Figure 6 compares the clusterings obtained in the first step by the unsupervised algorithms, to the clusterings obtained by the belief-based method. The examples help to clearly distinguish patterns of genes from each phase cycle peaking at their characteristic time points.
Fig. 6.
Cell cycle gene clustering. The probability of up-regulation estimated for each cell cycle gene (rows; ordered by their true cluster labels), in each time-point (columns) by three methods: NorDi, as well as unsupervised and belief-based mixture modeling, applied to each time point data separately. Belief-based mixture modeling, which uses examples of up-regulated and of unchanged genes in each time-point (marked in pink and green), achieves most clearly visible distinct gene expression profiles, characteristic for the five cell cycle phase clusters.
Figure 7 shows that all supervised modeling methods, regardless of the parameter initialization, outperform the unsupervised methods in clustering the cell cycle gene profiles using the two-step procedure. For comparison, we applied also a one-step analysis with multidimensional Gaussian mixture modeling (Yeung et al. (2001), denoted Un(nD)) to separate the entire dataset at once into five clusters. Interestingly, multidimensional clustering obtained the least accuracy, measured with the adjusted Rand index (see Section 3.3). Best results are obtained for the two-step procedure, using either belief-based or soft-label modeling in the first step.
Fig. 7.
The accuracy of cell cycle gene clustering. From all compared methods, the partially supervised have higher accuracy (measured by adjusted Rand index, y-axis) in grouping genes into five cell-cycle gene clusters than the semi-supervised and unsupervised methods. The partially supervised modeling methods were initialized in two ways: either quantile- or example-based (see Section 2.7).
4. Discussion
Mixture modeling is an established technique in machine learning and has proved successful in the field of gene expression analysis. The two partially supervised methods presented in this article extend mixture model-based clustering, adding the ability to utilize imprecise examples. In contrast to other mixture modeling methods that incorporate knowledge, both belief-based and soft-label modeling can be customized for differential expression analysis guided by examples of genes that are believed to be up, down, or unchanged. The known examples usually constitute only a small subset of all genes and are themselves not 100% certain. The presented applications show a rich variety of possible knowledge sources for examples: high-throughput TF-DNA binding experiments, computational predictions of miRNA targets, and literature knowledge of genes active in different cell cycle phases. The known examples are traditionally used to verify experimental outcome after it is defined by differential expression analysis. Our methodology incorporates such prior biological knowledge into the analysis itself, making the outcome more reliable.
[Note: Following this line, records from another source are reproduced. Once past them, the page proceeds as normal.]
lemma local_ring_units_preimage:
  assumes "local_ring TYPE('a::{comm_ring_1,finite})"
    and "ring_hom_fun (\<pi>::'a \<Rightarrow> 'b::comm_ring_1)" "surj \<pi>"
    and "{x. \<pi> x = 0} \<noteq> UNIV" and "\<pi> z \<in> ring_units"
  shows "z \<in> ring_units"
proof -
  obtain x where "\<pi> x = unit_inv (\<pi> z)" using surjD[OF assms(3)] by metis
  then have "\<pi> (z * x - 1) = 0"
    using mult_unit_inv[OF assms(5)] by (simp add: ring_hom_fun_simps[OF assms(2)])
  then have "1 + (z * x - 1) \<in> ring_units"
    using local_ring_one_plus_in_units[OF assms(1) r_ideal_ring_hom_kernel[OF assms(2)] assms(4)]
    by blast
  then show ?thesis unfolding ring_units_def by (simp add: dvd_mult_left)
qed

lemma units_fibre_eq_coset:
  assumes "local_ring TYPE('a::{comm_ring_1,finite})"
    and "ring_hom_fun (\<pi>::'a \<Rightarrow> 'b::comm_ring_1)" "surj \<pi>"
    and ker: "{x. \<pi> x = 0} = I" and "I \<noteq> UNIV"
    and "v \<in> ring_units" "\<pi> u0 = v"
  shows "{u \<in> ring_units. \<pi> u = v} = (\<lambda>i. u0 + i) ` I"
proof (intro set_eqI iffI)
  fix u assume "u \<in> {u \<in> ring_units. \<pi> u = v}"
  then have "u - u0 \<in> I" using assms(7) ker by (auto simp: ring_hom_fun_simps[OF assms(2)])
  then show "u \<in> (\<lambda>i. u0 + i) ` I" by (rule rev_image_eqI) simp
next
  fix u assume "u \<in> (\<lambda>i. u0 + i) ` I"
  then have "\<pi> u = v" using assms(7) ker by (auto simp: ring_hom_fun_simps[OF assms(2)])
  then show "u \<in> {u \<in> ring_units. \<pi> u = v}"
    using local_ring_units_preimage[OF assms(1-3)] assms(5,6) ker by auto
qed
Our methodology enables confronting available uncertain knowledge with the data. On the one hand, the partially supervised methods profit from the examples to better cluster the remaining data. On the other hand, they use the entire data to verify the knowledge about the examples. For instance, the signal in the data may contradict the prior belief about a gene to be up-regulated in a knockout experiment. Both partially supervised methods may “re-cluster” the examples with such improbable initial cluster labels. In this way, they are more flexible than semi-supervised mixture modeling, which assumes that the example labels are fixed.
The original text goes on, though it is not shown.